____ EXCERPTED DATA

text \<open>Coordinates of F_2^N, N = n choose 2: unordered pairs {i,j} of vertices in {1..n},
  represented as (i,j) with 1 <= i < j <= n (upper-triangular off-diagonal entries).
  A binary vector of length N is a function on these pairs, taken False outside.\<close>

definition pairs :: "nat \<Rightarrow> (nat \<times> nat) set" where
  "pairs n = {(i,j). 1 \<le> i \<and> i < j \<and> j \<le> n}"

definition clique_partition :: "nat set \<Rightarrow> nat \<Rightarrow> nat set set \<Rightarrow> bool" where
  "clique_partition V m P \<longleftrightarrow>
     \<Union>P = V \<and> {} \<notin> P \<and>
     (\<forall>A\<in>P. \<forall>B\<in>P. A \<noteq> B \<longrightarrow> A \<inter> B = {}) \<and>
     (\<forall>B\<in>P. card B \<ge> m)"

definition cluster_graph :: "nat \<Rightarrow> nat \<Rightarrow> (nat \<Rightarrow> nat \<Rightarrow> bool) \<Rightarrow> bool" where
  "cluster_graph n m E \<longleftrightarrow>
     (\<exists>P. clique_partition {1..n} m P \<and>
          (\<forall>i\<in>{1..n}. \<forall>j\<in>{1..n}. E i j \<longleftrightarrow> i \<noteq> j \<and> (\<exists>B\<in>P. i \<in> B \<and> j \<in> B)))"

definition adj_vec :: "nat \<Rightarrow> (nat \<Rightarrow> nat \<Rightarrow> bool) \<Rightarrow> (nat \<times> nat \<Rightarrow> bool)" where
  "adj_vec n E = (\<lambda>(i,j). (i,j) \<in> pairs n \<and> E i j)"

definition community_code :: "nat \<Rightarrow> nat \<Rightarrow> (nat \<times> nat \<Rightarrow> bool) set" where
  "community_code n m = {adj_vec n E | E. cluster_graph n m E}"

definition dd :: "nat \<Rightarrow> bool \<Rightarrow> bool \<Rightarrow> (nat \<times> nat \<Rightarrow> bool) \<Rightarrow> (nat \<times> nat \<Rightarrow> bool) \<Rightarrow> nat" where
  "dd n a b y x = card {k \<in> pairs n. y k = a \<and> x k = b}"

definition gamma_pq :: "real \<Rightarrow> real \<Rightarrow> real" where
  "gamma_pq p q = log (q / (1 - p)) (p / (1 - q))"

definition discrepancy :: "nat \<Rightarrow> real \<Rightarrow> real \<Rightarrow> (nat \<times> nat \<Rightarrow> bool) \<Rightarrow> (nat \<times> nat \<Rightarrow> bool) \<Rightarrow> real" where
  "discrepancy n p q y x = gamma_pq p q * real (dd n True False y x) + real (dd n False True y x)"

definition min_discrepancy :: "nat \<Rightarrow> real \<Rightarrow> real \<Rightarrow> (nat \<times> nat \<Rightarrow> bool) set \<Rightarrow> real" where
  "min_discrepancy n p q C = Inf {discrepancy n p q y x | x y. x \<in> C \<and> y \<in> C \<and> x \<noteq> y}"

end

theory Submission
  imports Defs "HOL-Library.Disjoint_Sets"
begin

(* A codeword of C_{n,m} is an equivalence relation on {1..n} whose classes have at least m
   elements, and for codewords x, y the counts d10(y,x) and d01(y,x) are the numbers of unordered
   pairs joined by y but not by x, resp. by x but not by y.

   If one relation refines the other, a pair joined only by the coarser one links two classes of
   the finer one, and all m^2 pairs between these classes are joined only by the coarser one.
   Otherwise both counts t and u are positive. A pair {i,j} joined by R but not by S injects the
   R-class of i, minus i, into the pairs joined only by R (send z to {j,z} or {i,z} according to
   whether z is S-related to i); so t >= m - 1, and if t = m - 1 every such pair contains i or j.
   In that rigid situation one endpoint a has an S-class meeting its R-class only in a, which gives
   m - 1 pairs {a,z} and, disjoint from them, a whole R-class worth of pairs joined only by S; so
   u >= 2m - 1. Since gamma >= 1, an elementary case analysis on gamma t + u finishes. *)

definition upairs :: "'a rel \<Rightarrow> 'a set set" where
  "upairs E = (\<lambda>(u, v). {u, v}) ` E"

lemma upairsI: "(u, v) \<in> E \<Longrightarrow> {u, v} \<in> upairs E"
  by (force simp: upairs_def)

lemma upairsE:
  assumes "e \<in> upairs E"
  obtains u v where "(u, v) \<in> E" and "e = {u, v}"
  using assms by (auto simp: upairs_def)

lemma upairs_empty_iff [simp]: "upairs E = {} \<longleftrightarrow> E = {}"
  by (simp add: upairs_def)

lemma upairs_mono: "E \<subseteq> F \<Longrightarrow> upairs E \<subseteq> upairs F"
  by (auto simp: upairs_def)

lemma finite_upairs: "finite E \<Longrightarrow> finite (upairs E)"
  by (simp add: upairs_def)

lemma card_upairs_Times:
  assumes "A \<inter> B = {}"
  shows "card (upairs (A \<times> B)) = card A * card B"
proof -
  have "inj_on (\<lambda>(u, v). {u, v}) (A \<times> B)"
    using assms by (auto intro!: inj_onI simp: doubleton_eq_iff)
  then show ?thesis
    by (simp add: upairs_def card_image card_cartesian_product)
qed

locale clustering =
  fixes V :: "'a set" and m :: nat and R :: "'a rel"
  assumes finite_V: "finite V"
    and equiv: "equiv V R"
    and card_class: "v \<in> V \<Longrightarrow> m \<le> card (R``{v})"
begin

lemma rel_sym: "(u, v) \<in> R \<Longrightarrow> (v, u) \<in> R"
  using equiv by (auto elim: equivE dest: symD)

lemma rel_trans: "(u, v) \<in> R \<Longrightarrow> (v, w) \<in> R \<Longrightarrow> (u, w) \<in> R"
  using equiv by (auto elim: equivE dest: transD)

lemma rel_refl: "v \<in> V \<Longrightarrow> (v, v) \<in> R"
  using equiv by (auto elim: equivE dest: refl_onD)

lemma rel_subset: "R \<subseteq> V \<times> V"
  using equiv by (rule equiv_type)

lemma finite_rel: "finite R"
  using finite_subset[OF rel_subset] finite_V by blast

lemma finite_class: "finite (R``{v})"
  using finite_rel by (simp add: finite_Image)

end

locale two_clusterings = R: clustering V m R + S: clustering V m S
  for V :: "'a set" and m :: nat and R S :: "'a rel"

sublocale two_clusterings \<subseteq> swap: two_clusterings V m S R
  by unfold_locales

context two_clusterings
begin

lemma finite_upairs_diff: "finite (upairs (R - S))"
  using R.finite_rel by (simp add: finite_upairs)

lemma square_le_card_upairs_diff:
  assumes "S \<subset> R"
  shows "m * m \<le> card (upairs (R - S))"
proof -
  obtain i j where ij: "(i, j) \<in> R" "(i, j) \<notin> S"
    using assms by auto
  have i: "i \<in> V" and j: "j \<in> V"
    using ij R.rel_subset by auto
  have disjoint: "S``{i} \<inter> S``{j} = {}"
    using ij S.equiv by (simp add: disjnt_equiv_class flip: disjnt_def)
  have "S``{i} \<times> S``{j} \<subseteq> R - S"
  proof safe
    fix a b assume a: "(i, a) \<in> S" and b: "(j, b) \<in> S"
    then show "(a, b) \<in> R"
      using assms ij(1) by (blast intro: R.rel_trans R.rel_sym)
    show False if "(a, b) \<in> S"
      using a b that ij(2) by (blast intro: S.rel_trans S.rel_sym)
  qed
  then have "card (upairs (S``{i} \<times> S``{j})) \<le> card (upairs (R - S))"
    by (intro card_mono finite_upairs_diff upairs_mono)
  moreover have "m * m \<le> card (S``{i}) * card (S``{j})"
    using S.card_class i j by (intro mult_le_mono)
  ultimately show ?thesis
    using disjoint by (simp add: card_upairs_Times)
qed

________

**ASSIGNMENT**
For the string "thesis", count the matching lines in the listing and give that number by itself.

**RESULT**
2